После оргазма, который сотрясал ее тело, как малень­кий эпилептический припадок, но ничего не менял в не­подвижной апатии лица, Чечилия в изнеможении рас­пластывалась подо мной: одна рука закинута за голову, другая вытянута вдоль тела, лицо склонилось к плечу, ноги еще раздвинуты, как были они в момент соития. Потом, сразу же после того, как я от нее отрывался, Че­чилия мне улыбалась, очень коротко, и это был самый лучший миг нашей любви. Улыбка, очень нежная — ка­залось, к ней прилила вся нежность утоленного жела­ния, — нисколько не противоречила двусмысленной ин­фантильности, о которой я уже говорил: даже улыбаясь мне, Чечилия на меня не глядела и меня не видела; так что, может быть, и улыбалась она не столько мне, сколь­ко себе — благодаря скорее себя за то, что испытала на­слаждение, чем меня, давшего ей возможность его испы­тать. Эта улыбка, безличная и мимолетная, была послед­ней фазой нашего соития, то есть общения и почти что слияния наших двух тел. Сразу же после — нас снова становилось двое, один лежал подле другого, и нужно было разговаривать.

И как раз в эту минуту я замечал, как сексуальный аппетит Чечилии, который, хотя и не относился ко мне впрямую, но все же пользовался мною для своего утоле­ния, переходил у нее в безразличие. Говоря «безразли­чие», я не имею в виду холодности или отчуждения. Нет, безразличие ко мне Чечилии сразу после акта любви было просто полным отсутствием какого-либо отношения, то есть очень походило на то, что заставляло меня так стра­дать и что я называл скукой; только Чечилия в отличие от меня не только от этого не страдала, но, казалось, вообще этого не замечала. Она словно так и родилась отчужден­ной от окружающего, в то время как мне подобное от­чуждение казалось совершенно непереносимым иска­жением исходно заданной ситуации: одним словом, то, что я ощущал как нечто болезненное, для нее было здо­ровым и нормальным.

Однако, как я уже говорил, нужно было о чем-то раз­говаривать. Только что пережитая интимность физиче­ской любви вызывала у меня желание другой и более подлинной интимности — интимности чувства, которая, я знал, достигается только посредством слова. И я пытал­ся разговаривать с нею, а точнее сказать, расспрашивать ее о ее жизни, так как Чечилия никогда не поддерживала разговора, а ограничивалась лишь ответами на вопросы.

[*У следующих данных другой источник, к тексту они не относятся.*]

(* Let $I$ be an index set and $p_r,q_r\in\mathbb C\setminus\{0\}$ for $r\in I$. There exists a homeomorphism $f\colon\mathbb C\to\mathbb C$ with $f(p_rw)=q_rf(w)$ for all $w\in\mathbb C$ and all $r\in I$ if and only if there exists a complex number $\alpha$ with $\operatorname{Re}\alpha>-1$ such that either $q_r=p_r|p_r|^{\alpha}$ for all $r\in I$, or $q_r=\overline{p_r}\,|p_r|^{\alpha}$ for all $r\in I$.
   Context: For a positive real $t$ and complex $\alpha$, $t^\alpha=e^{\alpha\ln t}$. *)

theory Defs
  imports "HOL-Analysis.Analysis"
begin

definition rpow_c :: "real \<Rightarrow> complex \<Rightarrow> complex" where
  "rpow_c t a = exp (a * of_real (ln t))"

end

theory Submission
  imports Defs "HOL-Analysis.Kronecker_Approximation_Theorem"
begin

(*
  The "if" direction is explicit: the radial power map  w \<mapsto> w |w|^\<alpha>  is a
  homeomorphism of \<complex> for Re \<alpha> > -1 and turns multiplication by p into
  multiplication by p |p|^\<alpha>; composing with complex conjugation gives the
  second family.

  For the "only if" direction let f be such a homeomorphism.  Unless every
  p_r is 1, f fixes 0, so f \<circ> exp has a continuous logarithm F.  The set of
  "periods" t with F(z + t) = F z + \<Psi> t for all z is a closed additive subgroup
  of \<complex> on which \<Psi> is additive; it contains 2\<pi>i (with \<Psi>(2\<pi>i) = 2\<pi>i d,
  d = \<plusminus>1 the degree of f) and every Ln p_r (with q_r = exp (\<Psi> (Ln p_r))).
  Dirichlet's approximation theorem together with continuity of \<Psi> forces
  \<Psi> t = d i Im t + \<kappa> Re t on the periods, and the growth of f forces
  Re \<kappa> > 0.  Then \<alpha> = \<kappa> - 1 works, with p_r or cnj p_r according to d.
*)

text \<open>A quantity whose integer multiples become small whenever the corresponding
  integer combinations of two reals x, x0 do must vanish: Dirichlet's theorem
  makes such combinations arbitrarily small with a nonzero multiplier.\<close>
lemma vanishes_if_multiples_small:
  fixes D :: complex and x x0 :: real
  assumes x0: "x0 > 0"
    and small: "\<And>e. e > 0 \<Longrightarrow> \<exists>\<delta>>0. \<forall>a b::int.
                  \<bar>of_int a * x - of_int b * x0\<bar> < \<delta> \<longrightarrow> norm (of_int a * D) < e"
  shows "D = 0"
proof (rule ccontr)
  assume D: "D \<noteq> 0"
  then obtain \<delta> where \<delta>: "\<delta> > 0"
    and \<delta>_small: "\<forall>a b::int. \<bar>of_int a * x - of_int b * x0\<bar> < \<delta> \<longrightarrow> norm (of_int a * D) < norm D"
    using small[of "norm D"] by auto
  obtain N :: nat where N: "N > x0 / \<delta>" using reals_Archimedean2 by blast
  have N_pos: "N > 0" using N x0 \<delta>
    by (metis divide_pos_pos of_nat_0_less_iff order.strict_trans)
  obtain h k where k: "0 < k" "\<bar>of_int k * (x / x0) - of_int h\<bar> < 1 / N"
    using Dirichlet_approx[OF N_pos, of "x / x0"] by blast
  have "\<bar>of_int k * x - of_int h * x0\<bar> = x0 * \<bar>of_int k * (x / x0) - of_int h\<bar>"
    using x0 by (simp add: field_simps abs_mult[symmetric])
  also have "\<dots> < x0 * (1 / N)" using k x0 by (intro mult_strict_left_mono) auto
  also have "\<dots> < \<delta>" using N x0 \<delta> N_pos by (simp add: field_simps)
  finally have "norm (of_int k * D) < norm D" using \<delta>_small by blast
  moreover have "norm (of_int k * D) = \<bar>of_int k\<bar> * norm D" by (simp add: norm_mult)
  moreover have "\<bar>real_of_int k\<bar> \<ge> 1" using k by linarith
  ultimately show False using mult_right_mono[of 1 "\<bar>real_of_int k\<bar>" "norm D"] by simp
qed

text \<open>A continuous function whose exponential is constant is itself constant,
  since its values lie in the discrete set of logarithms of that constant.\<close>
lemma continuous_exp_const_imp_const:
  fixes k :: "complex \<Rightarrow> complex"
  assumes cont: "continuous_on UNIV k" and exp_const: "\<And>z. exp (k z) = c"
  shows "k z = k 0"
proof -
  have "k constant_on UNIV"
  proof (rule continuous_discrete_range_constant[OF connected_UNIV cont])
    fix x :: complex
    show "\<exists>e>0. \<forall>y. y \<in> UNIV \<and> k y \<noteq> k x \<longrightarrow> e \<le> norm (k y - k x)"
    proof (intro exI[of _ "2 * pi"] conjI allI impI)
      fix y assume y: "y \<in> UNIV \<and> k y \<noteq> k x"
      have "exp (k y) = exp (k x)" using exp_const by simp
      then obtain n :: int where n: "k y = k x + (of_int (2 * n) * pi) * \<i>" using exp_eq by blast
      with y have "n \<noteq> 0" by auto
      hence "\<bar>real_of_int n\<bar> \<ge> 1" by linarith
      moreover have "norm (k y - k x) = 2 * pi * \<bar>of_int n\<bar>" using n by (simp add: norm_mult)
      ultimately show "2 * pi \<le> norm (k y - k x)" by simp
    qed simp
  qed
  thus ?thesis unfolding constant_on_def by auto
qed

Так я узнал, что она единственная дочь, что живет она в Прати в одной квартире с родителями, что отец ее ком­мерсант, что воспитывалась она в монастыре, что у нее есть подруги, что она не помолвлена и многое другое. Изложенные таким образом, все эти сведения кажутся самой общей информацией, которая может относиться к любой девушке ее возраста и социального положения, но это и было все, что я с большим трудом смог из нее вытя­нуть. Насколько я понимаю, Чечилия вовсе не хотела что-либо от меня скрыть, просто она словно бы понятия не имела о множестве вещей, которые меня интересова­ли, или, во всяком случае, не способна была описать их в деталях. Можно было подумать, что она никогда не пыта­лась оглядеться вокруг, взглянуть на самое себя и окру­жающий ее мир, так что, обращаясь к ней с вопросами, я в некотором смысле ставил ее в положение человека, ко­торого расспрашивают о каких-то вещах и людях, а он обо все этом никогда не задумывался, не обращал на них внимания. Есть такая игра, когда вам в течение минуты показывают картинку, а потом просят перечислить пред­меты, которые там изображены. В этой игре, которая де­монстрирует степень вашей наблюдательности, Чечилия наверняка получила бы самую низкую оценку, потому что она, казалось, не увидела и не заметила ничего, хотя провела перед картинкой, изображавшей ее существова­ние, не минуту, а целую жизнь. Полученная от нее ин­формация была не только схематична, но и неточна; ка­залось, она была не вполне уверена даже в том немногом, что она о себе рассказывала — единственная дочь, отец– коммерсант, воспитание в монастыре, подруги; так бы­вает с людьми, когда с ними заводят речь о вещах, кото­рые никогда не вызывали у них интереса, хотя и находи­лись рядом, на расстоянии вытянутой руки, и их легко можно было рассмотреть. И даже когда ей случалось дать точный ответ, меня все равно повергал в сомнение ее приблизительный, бесцветный язык, который казался воплощением ее непреодолимого ко всему равнодушия.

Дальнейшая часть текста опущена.